Print nothing except the lines of the listing below from the line with "z \<in> closed_segment" to the line with "t\<bar> \<le> (\<Sum>i\<in>UNIV.", each exactly as written, both ends included.
■ ■ ■ ■ ■
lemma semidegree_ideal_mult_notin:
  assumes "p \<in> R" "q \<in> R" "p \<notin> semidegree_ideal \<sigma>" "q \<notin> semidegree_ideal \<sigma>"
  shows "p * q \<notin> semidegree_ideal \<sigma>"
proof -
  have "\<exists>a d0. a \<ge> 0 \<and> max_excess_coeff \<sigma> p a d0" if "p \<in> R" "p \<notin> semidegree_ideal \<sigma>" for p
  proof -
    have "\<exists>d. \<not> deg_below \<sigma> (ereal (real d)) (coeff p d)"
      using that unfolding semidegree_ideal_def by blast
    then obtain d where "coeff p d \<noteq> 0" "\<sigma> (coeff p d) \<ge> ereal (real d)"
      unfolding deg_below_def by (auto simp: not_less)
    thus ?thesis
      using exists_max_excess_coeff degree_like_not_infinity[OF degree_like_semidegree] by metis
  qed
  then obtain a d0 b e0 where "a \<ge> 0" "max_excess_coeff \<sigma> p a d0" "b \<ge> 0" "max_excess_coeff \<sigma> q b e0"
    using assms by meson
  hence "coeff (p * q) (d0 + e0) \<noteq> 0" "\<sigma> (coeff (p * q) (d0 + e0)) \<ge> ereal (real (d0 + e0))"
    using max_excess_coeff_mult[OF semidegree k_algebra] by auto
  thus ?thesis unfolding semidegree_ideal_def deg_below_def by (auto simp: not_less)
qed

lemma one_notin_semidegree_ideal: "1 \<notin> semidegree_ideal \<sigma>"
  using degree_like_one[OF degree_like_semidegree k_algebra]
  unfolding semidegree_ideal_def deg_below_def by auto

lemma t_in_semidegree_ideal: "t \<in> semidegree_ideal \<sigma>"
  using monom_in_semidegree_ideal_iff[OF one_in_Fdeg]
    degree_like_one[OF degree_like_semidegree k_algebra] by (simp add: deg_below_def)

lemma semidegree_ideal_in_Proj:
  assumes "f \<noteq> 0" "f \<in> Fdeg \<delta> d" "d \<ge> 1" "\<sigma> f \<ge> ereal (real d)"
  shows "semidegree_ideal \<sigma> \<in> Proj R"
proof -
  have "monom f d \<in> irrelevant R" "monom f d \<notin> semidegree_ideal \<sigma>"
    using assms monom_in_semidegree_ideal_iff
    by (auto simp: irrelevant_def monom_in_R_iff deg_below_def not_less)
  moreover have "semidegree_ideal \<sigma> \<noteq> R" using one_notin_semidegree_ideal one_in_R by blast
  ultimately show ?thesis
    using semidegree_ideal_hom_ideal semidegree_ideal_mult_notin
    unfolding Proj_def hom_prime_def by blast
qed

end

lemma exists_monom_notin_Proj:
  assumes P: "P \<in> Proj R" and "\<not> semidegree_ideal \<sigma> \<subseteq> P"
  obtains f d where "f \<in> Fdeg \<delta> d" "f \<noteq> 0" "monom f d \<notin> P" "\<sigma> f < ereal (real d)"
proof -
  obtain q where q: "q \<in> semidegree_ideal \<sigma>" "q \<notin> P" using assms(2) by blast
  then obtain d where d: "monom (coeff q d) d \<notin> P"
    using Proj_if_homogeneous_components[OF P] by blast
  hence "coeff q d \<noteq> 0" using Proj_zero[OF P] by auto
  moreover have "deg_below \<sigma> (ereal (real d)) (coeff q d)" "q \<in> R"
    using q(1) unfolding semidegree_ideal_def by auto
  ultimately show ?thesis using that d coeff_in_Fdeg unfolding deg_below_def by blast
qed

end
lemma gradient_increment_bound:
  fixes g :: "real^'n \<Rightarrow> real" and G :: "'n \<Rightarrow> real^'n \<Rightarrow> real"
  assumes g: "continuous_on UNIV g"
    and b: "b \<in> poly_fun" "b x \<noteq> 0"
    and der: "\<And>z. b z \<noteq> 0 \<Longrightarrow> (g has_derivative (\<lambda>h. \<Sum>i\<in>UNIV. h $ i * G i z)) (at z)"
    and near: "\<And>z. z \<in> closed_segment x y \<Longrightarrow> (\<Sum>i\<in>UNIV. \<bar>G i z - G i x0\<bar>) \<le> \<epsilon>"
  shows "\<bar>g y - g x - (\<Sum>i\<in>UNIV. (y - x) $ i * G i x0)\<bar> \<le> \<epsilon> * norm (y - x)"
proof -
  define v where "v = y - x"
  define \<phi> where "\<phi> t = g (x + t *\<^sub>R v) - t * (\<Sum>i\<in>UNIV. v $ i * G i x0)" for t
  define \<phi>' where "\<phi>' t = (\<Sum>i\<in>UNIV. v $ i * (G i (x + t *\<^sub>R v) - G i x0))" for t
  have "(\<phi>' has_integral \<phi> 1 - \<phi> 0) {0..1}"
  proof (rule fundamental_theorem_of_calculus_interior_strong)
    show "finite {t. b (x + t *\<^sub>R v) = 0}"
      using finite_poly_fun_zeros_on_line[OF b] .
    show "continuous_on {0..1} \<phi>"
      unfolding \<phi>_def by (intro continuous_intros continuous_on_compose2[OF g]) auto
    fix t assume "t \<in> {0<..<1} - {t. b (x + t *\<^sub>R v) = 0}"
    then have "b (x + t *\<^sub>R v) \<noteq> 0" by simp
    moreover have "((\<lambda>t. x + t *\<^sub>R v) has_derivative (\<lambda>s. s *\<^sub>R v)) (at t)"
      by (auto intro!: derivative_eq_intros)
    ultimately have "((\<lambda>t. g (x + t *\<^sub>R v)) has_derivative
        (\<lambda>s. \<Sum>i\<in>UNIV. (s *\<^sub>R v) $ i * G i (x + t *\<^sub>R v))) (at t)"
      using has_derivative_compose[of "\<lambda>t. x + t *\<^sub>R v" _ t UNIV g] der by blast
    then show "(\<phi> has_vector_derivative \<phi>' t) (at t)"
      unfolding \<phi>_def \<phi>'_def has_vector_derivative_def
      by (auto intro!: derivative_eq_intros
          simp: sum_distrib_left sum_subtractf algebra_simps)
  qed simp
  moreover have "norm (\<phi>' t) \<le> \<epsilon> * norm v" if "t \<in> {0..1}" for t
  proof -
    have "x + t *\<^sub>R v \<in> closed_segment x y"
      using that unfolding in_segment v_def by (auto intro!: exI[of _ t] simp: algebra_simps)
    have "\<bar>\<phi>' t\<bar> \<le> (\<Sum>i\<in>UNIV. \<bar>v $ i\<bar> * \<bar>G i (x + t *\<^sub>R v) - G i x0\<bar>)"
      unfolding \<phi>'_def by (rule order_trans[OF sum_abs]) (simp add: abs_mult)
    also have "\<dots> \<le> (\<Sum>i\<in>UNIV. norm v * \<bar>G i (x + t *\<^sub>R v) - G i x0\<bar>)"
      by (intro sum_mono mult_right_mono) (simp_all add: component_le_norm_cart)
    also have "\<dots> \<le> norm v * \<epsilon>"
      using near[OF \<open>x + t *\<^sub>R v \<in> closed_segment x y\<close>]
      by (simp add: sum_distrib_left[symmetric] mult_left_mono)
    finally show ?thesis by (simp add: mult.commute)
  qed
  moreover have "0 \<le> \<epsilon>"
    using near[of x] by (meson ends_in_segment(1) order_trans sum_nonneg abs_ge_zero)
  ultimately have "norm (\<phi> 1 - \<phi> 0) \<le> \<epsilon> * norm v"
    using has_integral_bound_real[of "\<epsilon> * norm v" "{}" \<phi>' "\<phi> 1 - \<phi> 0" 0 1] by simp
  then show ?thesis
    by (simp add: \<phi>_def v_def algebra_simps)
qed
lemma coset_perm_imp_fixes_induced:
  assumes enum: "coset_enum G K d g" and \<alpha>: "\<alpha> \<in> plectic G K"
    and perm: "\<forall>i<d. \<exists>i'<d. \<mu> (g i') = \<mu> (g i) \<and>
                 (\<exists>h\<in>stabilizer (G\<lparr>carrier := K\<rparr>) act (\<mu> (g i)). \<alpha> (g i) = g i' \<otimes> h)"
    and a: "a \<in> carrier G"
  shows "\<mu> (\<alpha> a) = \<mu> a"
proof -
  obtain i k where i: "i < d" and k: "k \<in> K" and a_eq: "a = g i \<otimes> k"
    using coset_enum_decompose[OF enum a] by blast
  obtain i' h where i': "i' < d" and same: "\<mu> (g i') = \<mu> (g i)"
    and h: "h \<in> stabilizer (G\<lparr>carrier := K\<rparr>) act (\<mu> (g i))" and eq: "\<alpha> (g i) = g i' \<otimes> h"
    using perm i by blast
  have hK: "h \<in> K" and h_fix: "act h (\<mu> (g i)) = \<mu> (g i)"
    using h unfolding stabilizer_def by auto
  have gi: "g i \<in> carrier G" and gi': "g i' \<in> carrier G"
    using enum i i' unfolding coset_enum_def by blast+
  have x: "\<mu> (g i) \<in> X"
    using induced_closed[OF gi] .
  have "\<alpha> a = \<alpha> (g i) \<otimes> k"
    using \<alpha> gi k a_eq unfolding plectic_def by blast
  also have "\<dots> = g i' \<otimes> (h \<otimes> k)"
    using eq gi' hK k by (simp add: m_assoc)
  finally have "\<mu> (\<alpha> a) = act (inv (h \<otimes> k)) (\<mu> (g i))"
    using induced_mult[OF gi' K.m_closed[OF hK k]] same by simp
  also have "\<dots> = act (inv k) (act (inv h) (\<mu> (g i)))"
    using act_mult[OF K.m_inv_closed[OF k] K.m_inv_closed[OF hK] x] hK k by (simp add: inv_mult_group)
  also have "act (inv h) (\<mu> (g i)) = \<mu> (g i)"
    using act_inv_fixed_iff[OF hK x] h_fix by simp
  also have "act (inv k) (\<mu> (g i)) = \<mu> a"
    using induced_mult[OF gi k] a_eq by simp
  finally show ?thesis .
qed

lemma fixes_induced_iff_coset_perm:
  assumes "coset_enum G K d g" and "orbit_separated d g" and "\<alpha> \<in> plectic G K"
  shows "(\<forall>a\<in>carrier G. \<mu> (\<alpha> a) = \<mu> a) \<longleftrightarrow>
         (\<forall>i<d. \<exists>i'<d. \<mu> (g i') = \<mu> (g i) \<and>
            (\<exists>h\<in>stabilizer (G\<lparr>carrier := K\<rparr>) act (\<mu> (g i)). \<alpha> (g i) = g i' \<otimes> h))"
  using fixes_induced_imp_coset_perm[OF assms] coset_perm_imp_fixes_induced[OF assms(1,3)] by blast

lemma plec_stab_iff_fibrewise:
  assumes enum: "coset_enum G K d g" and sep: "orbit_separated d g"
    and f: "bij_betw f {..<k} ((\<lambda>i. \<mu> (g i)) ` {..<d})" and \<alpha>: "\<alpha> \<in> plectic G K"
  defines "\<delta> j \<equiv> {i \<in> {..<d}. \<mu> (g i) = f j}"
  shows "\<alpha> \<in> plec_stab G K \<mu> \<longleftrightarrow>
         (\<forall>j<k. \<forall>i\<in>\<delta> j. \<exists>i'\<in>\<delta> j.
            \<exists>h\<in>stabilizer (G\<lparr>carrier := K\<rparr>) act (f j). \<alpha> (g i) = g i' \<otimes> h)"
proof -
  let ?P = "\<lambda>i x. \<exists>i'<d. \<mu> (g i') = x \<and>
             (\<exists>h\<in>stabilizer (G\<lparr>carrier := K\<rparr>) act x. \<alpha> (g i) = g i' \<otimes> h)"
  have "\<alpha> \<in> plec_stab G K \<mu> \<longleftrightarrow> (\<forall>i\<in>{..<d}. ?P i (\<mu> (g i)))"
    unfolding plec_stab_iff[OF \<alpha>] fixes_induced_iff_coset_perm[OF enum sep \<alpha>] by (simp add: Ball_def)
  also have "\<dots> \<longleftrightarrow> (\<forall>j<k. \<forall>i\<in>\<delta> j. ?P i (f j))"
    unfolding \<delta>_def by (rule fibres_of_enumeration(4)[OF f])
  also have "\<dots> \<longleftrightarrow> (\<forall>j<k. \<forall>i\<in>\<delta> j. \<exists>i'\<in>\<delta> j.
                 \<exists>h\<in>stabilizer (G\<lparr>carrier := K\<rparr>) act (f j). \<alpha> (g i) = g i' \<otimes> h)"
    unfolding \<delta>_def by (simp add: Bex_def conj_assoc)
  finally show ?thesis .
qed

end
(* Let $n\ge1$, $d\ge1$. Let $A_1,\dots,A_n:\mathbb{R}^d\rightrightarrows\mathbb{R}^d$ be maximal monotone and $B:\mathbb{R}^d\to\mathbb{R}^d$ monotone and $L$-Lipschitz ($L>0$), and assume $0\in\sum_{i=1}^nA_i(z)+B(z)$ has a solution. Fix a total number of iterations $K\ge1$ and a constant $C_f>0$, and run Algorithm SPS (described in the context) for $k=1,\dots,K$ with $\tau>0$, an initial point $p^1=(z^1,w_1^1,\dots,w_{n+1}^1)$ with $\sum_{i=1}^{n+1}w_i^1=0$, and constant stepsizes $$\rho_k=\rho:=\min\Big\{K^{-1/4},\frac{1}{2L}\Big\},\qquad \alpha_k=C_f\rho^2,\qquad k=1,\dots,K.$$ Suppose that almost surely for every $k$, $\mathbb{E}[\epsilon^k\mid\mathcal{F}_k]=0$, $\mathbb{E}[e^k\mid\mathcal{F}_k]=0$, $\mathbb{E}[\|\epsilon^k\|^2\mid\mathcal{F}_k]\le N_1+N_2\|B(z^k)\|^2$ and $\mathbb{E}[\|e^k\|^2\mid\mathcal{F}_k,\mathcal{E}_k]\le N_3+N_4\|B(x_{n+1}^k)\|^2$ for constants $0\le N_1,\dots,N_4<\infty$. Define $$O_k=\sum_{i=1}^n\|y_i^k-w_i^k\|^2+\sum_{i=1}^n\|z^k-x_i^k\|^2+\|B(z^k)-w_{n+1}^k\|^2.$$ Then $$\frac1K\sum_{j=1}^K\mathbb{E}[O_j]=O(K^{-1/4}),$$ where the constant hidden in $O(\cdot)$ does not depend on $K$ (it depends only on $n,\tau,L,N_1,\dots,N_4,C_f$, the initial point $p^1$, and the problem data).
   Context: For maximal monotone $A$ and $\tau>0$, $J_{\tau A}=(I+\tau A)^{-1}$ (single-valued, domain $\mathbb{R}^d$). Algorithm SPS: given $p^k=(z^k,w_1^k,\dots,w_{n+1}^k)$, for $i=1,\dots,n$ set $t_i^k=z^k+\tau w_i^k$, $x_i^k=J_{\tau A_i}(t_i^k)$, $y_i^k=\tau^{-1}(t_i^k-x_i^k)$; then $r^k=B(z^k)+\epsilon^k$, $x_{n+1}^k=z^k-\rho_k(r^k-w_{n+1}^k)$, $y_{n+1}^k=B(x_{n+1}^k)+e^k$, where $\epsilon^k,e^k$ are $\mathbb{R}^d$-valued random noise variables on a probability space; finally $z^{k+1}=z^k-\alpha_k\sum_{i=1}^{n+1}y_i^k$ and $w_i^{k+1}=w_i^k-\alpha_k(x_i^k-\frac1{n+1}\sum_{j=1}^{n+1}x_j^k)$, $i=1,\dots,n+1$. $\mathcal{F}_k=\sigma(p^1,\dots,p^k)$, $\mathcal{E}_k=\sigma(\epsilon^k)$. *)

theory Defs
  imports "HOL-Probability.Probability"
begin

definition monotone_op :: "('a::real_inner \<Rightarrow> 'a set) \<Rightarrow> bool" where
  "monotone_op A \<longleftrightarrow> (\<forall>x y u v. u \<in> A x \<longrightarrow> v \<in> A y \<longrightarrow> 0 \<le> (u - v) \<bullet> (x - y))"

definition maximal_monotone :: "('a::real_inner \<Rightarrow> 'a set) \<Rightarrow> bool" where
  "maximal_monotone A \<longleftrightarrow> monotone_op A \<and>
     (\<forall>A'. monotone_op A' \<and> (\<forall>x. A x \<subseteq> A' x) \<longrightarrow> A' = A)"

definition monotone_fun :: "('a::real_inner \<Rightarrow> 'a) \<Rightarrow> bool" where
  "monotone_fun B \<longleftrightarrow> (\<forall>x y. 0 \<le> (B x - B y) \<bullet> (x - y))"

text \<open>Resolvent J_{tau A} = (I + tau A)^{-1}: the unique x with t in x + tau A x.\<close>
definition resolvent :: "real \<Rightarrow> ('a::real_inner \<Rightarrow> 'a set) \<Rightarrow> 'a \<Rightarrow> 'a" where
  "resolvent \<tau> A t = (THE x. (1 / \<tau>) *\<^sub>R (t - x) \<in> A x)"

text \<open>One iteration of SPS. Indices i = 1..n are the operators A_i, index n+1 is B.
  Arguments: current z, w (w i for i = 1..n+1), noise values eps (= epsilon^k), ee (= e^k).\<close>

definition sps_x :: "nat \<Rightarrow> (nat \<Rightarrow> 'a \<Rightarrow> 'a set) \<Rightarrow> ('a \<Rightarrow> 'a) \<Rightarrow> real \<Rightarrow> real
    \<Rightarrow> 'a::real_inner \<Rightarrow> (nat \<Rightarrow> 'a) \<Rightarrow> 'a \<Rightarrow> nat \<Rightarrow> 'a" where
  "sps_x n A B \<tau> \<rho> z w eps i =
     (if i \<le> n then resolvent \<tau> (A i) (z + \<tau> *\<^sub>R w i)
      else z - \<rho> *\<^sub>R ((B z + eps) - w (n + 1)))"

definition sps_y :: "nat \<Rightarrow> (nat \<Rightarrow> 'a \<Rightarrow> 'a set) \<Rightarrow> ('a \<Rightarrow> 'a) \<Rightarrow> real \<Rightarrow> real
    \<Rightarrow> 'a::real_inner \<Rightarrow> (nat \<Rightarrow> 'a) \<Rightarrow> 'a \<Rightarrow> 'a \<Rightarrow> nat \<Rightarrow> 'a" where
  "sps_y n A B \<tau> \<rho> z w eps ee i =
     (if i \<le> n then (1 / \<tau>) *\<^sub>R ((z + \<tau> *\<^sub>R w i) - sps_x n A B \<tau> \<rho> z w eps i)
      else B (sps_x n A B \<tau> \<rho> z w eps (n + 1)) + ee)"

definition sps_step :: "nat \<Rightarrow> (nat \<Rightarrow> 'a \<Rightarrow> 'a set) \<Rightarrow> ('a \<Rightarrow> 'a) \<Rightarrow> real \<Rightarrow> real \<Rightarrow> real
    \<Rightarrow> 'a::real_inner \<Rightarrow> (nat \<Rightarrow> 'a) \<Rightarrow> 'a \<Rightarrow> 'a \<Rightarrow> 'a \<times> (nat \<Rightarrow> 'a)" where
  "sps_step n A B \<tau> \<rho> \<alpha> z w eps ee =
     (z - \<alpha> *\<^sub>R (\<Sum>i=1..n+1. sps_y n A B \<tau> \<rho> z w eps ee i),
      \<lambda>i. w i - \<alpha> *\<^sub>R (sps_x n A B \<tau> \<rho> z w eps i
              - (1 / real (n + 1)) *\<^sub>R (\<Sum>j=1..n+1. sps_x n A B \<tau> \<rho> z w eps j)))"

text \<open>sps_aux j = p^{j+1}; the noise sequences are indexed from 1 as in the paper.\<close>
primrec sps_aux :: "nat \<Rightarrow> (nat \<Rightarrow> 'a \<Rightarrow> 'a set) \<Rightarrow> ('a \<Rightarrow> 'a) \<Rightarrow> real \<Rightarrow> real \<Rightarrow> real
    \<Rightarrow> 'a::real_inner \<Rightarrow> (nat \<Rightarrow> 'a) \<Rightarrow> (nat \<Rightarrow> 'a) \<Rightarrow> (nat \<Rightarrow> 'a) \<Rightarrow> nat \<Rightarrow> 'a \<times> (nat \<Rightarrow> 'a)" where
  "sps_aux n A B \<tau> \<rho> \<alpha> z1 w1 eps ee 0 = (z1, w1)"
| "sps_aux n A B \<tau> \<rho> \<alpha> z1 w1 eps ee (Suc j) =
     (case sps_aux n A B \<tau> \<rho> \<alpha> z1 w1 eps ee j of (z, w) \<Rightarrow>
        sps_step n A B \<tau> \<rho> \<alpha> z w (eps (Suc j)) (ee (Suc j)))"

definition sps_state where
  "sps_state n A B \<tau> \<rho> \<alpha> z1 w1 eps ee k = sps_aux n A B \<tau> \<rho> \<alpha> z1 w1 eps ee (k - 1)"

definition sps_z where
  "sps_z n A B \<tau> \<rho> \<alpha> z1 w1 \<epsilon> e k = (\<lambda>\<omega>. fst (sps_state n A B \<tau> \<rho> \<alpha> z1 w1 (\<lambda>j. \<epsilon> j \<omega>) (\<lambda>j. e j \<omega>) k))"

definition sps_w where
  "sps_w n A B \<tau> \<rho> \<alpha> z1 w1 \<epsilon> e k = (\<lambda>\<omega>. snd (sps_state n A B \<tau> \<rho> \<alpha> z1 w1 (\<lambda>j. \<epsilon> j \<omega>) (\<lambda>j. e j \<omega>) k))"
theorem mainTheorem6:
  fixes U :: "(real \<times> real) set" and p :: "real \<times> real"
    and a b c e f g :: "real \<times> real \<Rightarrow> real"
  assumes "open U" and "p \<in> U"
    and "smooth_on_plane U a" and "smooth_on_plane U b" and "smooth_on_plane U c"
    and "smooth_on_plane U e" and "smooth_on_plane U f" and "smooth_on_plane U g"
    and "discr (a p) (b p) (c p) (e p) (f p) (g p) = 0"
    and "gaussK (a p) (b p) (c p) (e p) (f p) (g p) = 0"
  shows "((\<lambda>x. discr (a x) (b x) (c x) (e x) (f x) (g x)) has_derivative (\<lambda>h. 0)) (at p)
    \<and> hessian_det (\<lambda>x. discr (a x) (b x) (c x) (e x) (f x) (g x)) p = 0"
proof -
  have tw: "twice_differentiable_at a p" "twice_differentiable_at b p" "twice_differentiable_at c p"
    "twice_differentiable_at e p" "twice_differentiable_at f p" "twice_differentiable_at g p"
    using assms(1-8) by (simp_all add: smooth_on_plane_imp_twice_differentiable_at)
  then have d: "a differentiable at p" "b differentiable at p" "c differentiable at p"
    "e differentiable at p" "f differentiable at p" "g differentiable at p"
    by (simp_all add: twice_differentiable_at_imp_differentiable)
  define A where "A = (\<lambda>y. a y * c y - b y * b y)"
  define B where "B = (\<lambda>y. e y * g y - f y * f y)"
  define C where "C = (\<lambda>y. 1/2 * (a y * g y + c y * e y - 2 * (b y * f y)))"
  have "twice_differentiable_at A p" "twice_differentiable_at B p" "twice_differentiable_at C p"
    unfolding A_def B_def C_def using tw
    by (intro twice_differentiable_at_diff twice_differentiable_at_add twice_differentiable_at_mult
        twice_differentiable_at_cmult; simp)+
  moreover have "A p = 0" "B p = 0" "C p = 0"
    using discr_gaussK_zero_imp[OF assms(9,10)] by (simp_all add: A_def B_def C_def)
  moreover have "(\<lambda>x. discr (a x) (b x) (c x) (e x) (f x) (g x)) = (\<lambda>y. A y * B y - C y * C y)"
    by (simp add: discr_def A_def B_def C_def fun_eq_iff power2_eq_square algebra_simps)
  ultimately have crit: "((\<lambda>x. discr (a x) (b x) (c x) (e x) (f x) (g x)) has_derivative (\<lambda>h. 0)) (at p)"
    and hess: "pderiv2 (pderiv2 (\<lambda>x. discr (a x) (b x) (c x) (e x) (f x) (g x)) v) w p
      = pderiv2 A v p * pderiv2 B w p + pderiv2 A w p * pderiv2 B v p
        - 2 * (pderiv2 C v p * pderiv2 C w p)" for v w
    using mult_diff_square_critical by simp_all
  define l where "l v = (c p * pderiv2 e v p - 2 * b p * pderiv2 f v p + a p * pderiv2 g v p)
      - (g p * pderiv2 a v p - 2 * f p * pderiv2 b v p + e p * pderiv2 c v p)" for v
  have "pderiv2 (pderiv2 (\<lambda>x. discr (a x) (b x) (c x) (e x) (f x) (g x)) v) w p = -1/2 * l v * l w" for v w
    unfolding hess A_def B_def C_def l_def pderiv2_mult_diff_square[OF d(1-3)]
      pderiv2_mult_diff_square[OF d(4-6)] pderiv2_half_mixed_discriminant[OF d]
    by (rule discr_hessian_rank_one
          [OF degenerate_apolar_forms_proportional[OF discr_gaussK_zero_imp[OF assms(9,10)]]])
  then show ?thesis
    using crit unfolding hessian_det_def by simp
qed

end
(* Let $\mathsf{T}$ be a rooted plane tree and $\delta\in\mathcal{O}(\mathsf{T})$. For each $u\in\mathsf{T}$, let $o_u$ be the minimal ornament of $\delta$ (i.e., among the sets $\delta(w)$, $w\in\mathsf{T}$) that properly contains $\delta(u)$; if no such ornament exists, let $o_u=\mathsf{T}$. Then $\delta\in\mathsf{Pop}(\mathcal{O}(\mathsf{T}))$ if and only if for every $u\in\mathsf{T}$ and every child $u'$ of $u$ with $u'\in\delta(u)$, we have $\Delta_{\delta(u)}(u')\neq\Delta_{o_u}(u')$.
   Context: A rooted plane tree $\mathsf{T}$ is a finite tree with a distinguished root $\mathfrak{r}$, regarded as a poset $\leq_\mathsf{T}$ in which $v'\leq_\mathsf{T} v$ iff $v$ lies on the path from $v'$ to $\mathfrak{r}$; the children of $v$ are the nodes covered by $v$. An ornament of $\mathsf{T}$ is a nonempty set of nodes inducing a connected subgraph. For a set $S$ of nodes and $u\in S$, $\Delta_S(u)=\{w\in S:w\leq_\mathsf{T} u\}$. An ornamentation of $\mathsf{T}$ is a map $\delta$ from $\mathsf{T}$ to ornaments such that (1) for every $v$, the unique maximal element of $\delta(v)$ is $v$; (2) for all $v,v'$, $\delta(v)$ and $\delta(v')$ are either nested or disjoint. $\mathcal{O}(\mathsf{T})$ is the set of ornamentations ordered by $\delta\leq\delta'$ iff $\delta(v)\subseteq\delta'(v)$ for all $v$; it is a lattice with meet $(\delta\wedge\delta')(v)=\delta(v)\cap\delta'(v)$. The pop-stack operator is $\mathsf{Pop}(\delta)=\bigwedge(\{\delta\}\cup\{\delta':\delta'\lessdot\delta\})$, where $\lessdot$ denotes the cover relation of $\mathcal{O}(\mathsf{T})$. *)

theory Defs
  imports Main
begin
■ ■ ■ ■ ■
▸ RESPONSE TO THE EXERCISE
    and near: "\<And>z. z \<in> closed_segment x y \<Longrightarrow> (\<Sum>i\<in>UNIV. \<bar>G i z - G i x0\<bar>) \<le> \<epsilon>"
  shows "\<bar>g y - g x - (\<Sum>i\<in>UNIV. (y - x) $ i * G i x0)\<bar> \<le> \<epsilon> * norm (y - x)"
proof -
  define v where "v = y - x"
  define \<phi> where "\<phi> t = g (x + t *\<^sub>R v) - t * (\<Sum>i\<in>UNIV. v $ i * G i x0)" for t
  define \<phi>' where "\<phi>' t = (\<Sum>i\<in>UNIV. v $ i * (G i (x + t *\<^sub>R v) - G i x0))" for t
  have "(\<phi>' has_integral \<phi> 1 - \<phi> 0) {0..1}"
  proof (rule fundamental_theorem_of_calculus_interior_strong)
    show "finite {t. b (x + t *\<^sub>R v) = 0}"
      using finite_poly_fun_zeros_on_line[OF b] .
    show "continuous_on {0..1} \<phi>"
      unfolding \<phi>_def by (intro continuous_intros continuous_on_compose2[OF g]) auto
    fix t assume "t \<in> {0<..<1} - {t. b (x + t *\<^sub>R v) = 0}"
    then have "b (x + t *\<^sub>R v) \<noteq> 0" by simp
    moreover have "((\<lambda>t. x + t *\<^sub>R v) has_derivative (\<lambda>s. s *\<^sub>R v)) (at t)"
      by (auto intro!: derivative_eq_intros)
    ultimately have "((\<lambda>t. g (x + t *\<^sub>R v)) has_derivative
        (\<lambda>s. \<Sum>i\<in>UNIV. (s *\<^sub>R v) $ i * G i (x + t *\<^sub>R v))) (at t)"
      using has_derivative_compose[of "\<lambda>t. x + t *\<^sub>R v" _ t UNIV g] der by blast
    then show "(\<phi> has_vector_derivative \<phi>' t) (at t)"
      unfolding \<phi>_def \<phi>'_def has_vector_derivative_def
      by (auto intro!: derivative_eq_intros
          simp: sum_distrib_left sum_subtractf algebra_simps)
  qed simp
  moreover have "norm (\<phi>' t) \<le> \<epsilon> * norm v" if "t \<in> {0..1}" for t
  proof -
    have "x + t *\<^sub>R v \<in> closed_segment x y"
      using that unfolding in_segment v_def by (auto intro!: exI[of _ t] simp: algebra_simps)
    have "\<bar>\<phi>' t\<bar> \<le> (\<Sum>i\<in>UNIV. \<bar>v $ i\<bar> * \<bar>G i (x + t *\<^sub>R v) - G i x0\<bar>)"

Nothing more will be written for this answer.